(Your task): Below are the records; give again exactly the line with "fix a :: complex", the line with "unfolding eventually_nhds by blast", and each line that lies between them, and nothing besides.

(Records from a data source):

—————

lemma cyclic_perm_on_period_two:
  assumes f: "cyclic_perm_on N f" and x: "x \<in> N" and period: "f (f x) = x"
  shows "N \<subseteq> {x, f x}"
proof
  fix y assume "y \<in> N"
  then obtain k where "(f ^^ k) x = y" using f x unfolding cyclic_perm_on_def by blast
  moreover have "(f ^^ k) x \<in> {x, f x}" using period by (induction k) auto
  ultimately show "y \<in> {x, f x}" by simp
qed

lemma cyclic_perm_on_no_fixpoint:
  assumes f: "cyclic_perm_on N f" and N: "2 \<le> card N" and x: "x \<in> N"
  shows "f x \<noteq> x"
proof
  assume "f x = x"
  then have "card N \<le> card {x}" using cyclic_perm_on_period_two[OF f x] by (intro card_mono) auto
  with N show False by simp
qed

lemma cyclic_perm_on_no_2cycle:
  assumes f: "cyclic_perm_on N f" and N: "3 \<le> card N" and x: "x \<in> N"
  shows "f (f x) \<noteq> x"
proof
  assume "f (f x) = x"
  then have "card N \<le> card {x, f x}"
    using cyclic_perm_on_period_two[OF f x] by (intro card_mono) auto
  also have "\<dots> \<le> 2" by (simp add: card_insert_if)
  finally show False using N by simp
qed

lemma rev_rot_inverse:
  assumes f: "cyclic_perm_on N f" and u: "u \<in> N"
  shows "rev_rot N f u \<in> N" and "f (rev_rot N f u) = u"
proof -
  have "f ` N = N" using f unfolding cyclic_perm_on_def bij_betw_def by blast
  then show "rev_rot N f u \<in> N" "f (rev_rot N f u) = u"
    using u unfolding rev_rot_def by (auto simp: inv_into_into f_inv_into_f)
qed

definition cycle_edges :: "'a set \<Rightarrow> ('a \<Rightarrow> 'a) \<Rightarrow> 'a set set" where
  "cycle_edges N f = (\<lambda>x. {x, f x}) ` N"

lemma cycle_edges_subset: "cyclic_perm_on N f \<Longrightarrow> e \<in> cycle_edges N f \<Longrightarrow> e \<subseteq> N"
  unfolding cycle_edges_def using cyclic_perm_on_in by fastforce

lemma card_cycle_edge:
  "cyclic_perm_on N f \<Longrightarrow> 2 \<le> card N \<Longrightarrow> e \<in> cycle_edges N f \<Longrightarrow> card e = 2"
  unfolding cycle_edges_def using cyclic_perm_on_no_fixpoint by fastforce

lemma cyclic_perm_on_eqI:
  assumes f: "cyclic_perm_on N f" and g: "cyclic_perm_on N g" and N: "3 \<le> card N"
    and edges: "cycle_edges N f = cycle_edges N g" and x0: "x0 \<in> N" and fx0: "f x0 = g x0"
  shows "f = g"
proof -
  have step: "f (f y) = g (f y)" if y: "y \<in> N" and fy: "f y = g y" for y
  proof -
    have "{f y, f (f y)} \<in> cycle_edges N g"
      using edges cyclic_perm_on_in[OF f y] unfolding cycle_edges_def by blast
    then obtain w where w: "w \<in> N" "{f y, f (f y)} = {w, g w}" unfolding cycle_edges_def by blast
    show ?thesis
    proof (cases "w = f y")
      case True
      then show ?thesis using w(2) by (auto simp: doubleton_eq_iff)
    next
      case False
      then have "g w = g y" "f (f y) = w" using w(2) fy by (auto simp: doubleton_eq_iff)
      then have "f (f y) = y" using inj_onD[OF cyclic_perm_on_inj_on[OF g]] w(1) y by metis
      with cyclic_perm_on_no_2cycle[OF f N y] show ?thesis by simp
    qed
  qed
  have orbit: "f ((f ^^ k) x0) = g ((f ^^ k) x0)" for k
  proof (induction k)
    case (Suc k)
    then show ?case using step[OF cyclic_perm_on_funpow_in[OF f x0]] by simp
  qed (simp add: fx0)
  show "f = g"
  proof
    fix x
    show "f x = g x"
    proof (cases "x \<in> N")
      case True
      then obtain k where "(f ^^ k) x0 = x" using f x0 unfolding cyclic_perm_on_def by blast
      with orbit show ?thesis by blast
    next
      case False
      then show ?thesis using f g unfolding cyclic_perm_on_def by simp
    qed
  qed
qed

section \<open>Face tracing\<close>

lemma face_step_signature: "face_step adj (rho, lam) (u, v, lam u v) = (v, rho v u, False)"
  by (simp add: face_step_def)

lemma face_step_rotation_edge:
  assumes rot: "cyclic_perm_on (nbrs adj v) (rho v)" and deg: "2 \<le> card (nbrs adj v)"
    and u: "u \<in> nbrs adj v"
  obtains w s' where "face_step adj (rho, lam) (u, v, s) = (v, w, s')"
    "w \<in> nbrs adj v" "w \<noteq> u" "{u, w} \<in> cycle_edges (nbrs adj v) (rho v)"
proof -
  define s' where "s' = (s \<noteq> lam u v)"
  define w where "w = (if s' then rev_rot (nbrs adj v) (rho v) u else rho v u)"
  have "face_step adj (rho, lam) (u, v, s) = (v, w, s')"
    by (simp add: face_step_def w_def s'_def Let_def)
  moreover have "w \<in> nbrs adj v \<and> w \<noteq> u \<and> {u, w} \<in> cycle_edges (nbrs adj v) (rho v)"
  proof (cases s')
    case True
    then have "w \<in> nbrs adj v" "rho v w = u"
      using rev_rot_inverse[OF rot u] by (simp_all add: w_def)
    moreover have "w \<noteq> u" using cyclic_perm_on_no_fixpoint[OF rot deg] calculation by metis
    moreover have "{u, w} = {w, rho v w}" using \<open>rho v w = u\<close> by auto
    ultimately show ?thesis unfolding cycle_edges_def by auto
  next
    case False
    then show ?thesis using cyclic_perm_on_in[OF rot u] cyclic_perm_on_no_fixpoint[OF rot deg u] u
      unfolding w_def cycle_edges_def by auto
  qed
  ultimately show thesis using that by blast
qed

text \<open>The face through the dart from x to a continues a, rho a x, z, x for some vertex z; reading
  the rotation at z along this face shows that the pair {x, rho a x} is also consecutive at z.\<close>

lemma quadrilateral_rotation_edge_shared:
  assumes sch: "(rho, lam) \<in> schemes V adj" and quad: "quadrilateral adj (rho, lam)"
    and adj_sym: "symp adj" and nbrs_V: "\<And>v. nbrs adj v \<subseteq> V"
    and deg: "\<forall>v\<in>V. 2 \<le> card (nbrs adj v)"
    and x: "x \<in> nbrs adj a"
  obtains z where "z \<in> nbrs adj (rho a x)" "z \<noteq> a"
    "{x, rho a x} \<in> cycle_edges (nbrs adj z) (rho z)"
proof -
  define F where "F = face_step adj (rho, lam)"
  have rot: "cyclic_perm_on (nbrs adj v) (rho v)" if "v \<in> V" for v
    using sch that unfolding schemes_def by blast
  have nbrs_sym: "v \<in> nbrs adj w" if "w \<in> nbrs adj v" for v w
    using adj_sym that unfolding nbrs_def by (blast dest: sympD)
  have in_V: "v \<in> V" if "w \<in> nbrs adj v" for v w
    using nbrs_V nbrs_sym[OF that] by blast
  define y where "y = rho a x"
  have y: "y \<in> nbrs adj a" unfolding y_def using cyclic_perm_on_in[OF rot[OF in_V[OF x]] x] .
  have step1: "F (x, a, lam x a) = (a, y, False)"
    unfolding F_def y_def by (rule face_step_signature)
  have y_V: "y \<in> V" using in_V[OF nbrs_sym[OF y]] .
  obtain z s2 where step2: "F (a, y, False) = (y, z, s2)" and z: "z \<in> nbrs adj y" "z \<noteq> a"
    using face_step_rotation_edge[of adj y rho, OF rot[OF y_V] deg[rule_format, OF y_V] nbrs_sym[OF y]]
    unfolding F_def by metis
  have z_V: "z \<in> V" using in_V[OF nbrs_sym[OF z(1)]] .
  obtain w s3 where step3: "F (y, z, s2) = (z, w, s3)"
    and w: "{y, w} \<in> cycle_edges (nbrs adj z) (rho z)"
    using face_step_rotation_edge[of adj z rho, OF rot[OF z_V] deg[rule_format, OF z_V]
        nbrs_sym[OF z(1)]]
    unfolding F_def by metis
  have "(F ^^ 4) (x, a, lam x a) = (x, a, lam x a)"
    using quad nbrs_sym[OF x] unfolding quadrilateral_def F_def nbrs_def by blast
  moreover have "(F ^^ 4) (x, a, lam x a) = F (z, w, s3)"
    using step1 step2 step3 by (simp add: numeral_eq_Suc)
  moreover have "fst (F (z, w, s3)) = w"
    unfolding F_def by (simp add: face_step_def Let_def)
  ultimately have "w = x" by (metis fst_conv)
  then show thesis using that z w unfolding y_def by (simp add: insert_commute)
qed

—————

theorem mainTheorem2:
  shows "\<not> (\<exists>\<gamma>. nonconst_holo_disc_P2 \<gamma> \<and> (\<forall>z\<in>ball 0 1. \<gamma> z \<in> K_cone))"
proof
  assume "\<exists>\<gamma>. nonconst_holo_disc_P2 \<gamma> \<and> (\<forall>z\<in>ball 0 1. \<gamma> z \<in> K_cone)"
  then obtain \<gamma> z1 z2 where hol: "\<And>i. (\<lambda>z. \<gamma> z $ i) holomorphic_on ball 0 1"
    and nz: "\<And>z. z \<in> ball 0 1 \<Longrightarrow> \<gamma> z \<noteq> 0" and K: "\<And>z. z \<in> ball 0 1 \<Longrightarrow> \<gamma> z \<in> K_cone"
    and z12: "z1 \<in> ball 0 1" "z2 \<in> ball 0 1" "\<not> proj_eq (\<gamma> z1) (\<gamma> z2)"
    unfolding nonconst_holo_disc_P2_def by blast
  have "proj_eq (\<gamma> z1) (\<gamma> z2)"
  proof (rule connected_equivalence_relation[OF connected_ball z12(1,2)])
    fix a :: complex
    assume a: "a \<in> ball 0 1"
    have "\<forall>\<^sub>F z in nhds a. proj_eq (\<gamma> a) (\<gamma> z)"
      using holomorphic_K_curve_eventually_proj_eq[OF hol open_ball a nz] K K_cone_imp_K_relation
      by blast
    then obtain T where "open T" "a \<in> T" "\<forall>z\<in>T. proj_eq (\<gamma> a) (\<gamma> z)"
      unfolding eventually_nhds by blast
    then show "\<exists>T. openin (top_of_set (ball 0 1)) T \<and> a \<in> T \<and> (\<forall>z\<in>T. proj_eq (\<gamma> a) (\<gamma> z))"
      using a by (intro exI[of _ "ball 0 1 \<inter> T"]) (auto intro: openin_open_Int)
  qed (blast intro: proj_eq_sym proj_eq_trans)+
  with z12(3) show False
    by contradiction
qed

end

—————

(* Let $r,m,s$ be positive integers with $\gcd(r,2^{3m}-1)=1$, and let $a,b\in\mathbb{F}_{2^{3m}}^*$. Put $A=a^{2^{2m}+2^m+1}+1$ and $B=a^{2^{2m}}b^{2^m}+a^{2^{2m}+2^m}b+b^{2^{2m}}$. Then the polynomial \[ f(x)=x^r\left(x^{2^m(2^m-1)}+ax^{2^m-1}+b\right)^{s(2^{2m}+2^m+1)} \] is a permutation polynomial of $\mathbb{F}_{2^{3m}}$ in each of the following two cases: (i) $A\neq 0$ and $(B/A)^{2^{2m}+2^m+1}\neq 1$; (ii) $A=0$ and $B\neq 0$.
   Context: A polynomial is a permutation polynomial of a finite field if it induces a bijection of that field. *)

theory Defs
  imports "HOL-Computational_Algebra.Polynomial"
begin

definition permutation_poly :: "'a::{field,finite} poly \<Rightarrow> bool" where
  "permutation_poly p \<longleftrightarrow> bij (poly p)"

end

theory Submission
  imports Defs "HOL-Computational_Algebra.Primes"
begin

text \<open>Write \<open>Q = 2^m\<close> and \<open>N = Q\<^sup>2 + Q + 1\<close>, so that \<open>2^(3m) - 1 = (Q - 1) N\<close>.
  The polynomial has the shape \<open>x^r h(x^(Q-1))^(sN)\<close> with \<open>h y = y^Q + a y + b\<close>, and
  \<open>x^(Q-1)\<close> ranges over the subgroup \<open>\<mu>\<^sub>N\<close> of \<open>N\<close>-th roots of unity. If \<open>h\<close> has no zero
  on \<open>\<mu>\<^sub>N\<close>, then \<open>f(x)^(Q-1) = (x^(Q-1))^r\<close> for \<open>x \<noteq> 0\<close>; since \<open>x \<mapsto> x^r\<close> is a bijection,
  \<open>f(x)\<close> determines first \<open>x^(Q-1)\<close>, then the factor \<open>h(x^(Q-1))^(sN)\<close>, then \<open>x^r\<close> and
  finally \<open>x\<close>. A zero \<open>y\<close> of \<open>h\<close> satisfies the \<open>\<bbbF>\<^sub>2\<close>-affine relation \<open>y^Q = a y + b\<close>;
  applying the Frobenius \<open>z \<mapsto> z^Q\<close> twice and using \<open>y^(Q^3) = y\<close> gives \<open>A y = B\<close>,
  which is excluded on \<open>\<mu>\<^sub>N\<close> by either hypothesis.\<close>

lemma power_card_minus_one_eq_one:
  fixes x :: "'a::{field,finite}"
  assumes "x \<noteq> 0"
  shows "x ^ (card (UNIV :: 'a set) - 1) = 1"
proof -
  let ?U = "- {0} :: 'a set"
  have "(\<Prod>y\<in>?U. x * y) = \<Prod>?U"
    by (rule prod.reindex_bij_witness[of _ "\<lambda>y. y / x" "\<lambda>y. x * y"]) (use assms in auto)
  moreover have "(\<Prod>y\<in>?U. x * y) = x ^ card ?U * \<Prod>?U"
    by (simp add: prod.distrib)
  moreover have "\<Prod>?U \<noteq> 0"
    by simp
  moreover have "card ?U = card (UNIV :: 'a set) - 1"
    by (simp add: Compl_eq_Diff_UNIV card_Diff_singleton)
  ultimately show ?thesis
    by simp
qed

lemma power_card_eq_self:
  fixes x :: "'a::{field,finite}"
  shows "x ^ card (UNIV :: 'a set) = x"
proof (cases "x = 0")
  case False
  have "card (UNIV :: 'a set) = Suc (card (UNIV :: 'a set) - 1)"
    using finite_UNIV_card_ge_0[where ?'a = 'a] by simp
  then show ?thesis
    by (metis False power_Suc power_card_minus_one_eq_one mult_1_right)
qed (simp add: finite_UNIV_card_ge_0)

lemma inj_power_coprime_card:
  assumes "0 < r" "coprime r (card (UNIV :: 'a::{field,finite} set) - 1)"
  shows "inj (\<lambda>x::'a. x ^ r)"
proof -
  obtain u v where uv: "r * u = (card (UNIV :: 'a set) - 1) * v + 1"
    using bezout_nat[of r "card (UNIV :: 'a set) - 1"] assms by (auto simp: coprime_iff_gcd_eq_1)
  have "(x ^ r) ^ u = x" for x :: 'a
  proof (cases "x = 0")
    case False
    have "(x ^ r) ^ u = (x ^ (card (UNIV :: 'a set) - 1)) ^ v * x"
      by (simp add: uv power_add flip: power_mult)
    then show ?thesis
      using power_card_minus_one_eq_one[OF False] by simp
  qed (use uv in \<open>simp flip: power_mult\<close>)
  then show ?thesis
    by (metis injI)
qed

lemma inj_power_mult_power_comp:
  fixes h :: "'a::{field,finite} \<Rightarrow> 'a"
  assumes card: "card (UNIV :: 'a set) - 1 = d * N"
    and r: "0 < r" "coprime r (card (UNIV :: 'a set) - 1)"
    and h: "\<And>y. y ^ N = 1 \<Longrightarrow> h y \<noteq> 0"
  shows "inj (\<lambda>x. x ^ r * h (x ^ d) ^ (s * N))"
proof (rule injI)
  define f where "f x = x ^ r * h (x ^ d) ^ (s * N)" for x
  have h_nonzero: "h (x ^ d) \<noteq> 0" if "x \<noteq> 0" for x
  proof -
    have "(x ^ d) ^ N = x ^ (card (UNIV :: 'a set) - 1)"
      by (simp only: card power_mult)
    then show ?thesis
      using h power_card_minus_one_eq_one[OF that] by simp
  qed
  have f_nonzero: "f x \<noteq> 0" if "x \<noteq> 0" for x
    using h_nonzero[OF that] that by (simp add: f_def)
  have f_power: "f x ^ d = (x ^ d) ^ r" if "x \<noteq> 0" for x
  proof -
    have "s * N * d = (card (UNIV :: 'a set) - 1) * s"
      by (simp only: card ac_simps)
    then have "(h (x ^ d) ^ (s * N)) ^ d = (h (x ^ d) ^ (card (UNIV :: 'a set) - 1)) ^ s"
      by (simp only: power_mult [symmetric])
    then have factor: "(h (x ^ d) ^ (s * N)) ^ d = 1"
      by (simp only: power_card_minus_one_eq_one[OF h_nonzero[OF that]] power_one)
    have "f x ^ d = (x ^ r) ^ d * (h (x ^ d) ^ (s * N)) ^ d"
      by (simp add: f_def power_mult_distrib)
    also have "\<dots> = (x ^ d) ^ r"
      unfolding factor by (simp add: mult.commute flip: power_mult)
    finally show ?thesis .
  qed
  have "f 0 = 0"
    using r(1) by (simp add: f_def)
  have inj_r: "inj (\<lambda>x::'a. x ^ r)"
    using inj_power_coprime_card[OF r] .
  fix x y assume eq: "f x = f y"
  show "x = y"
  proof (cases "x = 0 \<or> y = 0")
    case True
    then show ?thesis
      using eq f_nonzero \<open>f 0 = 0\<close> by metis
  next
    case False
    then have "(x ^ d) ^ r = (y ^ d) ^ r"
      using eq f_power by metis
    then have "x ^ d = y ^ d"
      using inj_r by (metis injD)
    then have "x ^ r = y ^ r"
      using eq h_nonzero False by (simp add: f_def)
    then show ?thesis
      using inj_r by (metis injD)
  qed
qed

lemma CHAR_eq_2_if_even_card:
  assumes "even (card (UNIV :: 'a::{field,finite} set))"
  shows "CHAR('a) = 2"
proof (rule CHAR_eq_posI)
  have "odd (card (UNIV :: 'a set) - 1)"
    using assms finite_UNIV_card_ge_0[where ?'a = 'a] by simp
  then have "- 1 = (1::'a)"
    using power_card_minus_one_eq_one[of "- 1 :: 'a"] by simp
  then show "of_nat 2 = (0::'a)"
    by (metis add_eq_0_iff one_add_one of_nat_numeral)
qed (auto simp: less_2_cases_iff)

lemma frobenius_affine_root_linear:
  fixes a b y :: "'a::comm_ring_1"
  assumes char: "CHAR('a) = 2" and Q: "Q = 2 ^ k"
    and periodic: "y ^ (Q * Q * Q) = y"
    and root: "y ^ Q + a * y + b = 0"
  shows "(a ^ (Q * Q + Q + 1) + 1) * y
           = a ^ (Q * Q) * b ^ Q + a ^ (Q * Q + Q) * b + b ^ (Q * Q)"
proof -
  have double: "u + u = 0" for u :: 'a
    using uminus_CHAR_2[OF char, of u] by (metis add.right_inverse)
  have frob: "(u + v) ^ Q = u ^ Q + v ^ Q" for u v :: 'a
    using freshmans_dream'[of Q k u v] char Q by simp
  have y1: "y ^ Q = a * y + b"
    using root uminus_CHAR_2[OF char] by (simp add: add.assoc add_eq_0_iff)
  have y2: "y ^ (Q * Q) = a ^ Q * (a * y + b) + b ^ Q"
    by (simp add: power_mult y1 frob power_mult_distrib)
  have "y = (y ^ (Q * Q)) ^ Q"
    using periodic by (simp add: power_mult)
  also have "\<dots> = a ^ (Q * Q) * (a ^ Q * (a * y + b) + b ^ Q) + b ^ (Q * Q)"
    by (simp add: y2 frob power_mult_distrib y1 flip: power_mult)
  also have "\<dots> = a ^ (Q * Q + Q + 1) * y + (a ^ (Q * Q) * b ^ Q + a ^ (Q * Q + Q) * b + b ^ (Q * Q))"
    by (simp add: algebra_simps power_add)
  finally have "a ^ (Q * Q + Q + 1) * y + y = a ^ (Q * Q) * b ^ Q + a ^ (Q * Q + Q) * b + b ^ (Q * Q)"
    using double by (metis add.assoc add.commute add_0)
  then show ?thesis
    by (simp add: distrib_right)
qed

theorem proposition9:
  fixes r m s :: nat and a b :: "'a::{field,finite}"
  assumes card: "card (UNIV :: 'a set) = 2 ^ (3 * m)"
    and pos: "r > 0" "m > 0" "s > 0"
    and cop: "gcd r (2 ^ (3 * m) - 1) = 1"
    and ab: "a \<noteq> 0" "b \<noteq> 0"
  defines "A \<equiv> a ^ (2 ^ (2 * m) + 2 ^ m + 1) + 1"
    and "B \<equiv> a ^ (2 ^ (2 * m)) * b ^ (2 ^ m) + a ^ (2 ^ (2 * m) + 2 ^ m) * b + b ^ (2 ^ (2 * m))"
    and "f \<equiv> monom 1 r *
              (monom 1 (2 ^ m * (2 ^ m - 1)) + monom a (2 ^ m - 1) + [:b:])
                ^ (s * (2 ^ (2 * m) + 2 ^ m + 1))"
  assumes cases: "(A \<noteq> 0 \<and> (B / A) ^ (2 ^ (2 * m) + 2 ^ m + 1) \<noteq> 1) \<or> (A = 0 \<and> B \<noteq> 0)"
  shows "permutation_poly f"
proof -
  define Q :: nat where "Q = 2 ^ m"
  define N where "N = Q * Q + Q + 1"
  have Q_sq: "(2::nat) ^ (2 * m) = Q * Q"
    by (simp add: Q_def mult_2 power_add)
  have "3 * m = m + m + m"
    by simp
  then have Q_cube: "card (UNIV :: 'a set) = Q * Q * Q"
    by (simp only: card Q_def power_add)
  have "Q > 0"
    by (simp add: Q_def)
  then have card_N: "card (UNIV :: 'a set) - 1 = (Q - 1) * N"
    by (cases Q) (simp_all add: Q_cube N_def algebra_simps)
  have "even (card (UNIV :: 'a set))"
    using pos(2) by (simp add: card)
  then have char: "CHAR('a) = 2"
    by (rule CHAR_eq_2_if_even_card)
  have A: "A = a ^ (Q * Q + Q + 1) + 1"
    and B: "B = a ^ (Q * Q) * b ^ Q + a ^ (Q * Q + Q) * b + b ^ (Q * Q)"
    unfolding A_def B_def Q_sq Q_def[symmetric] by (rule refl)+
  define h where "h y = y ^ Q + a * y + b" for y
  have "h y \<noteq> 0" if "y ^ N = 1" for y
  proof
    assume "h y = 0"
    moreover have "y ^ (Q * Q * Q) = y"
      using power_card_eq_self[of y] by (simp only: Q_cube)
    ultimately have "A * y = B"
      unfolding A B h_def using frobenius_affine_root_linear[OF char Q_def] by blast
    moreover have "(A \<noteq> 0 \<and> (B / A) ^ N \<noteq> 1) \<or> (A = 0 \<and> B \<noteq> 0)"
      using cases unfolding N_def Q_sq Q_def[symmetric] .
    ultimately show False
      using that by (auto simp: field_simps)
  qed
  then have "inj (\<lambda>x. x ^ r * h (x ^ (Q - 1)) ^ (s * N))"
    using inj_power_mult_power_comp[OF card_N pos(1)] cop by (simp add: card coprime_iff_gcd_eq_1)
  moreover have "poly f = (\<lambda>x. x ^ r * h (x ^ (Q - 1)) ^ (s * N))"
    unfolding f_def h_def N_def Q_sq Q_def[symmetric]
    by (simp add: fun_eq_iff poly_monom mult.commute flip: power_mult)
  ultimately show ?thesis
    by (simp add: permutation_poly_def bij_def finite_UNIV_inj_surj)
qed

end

—————

(Written solution):
    fix a :: complex
    assume a: "a \<in> ball 0 1"
    have "\<forall>\<^sub>F z in nhds a. proj_eq (\<gamma> a) (\<gamma> z)"
      using holomorphic_K_curve_eventually_proj_eq[OF hol open_ball a nz] K K_cone_imp_K_relation
      by blast
    then obtain T where "open T" "a \<in> T" "\<forall>z\<in>T. proj_eq (\<gamma> a) (\<gamma> z)"
      unfolding eventually_nhds by blast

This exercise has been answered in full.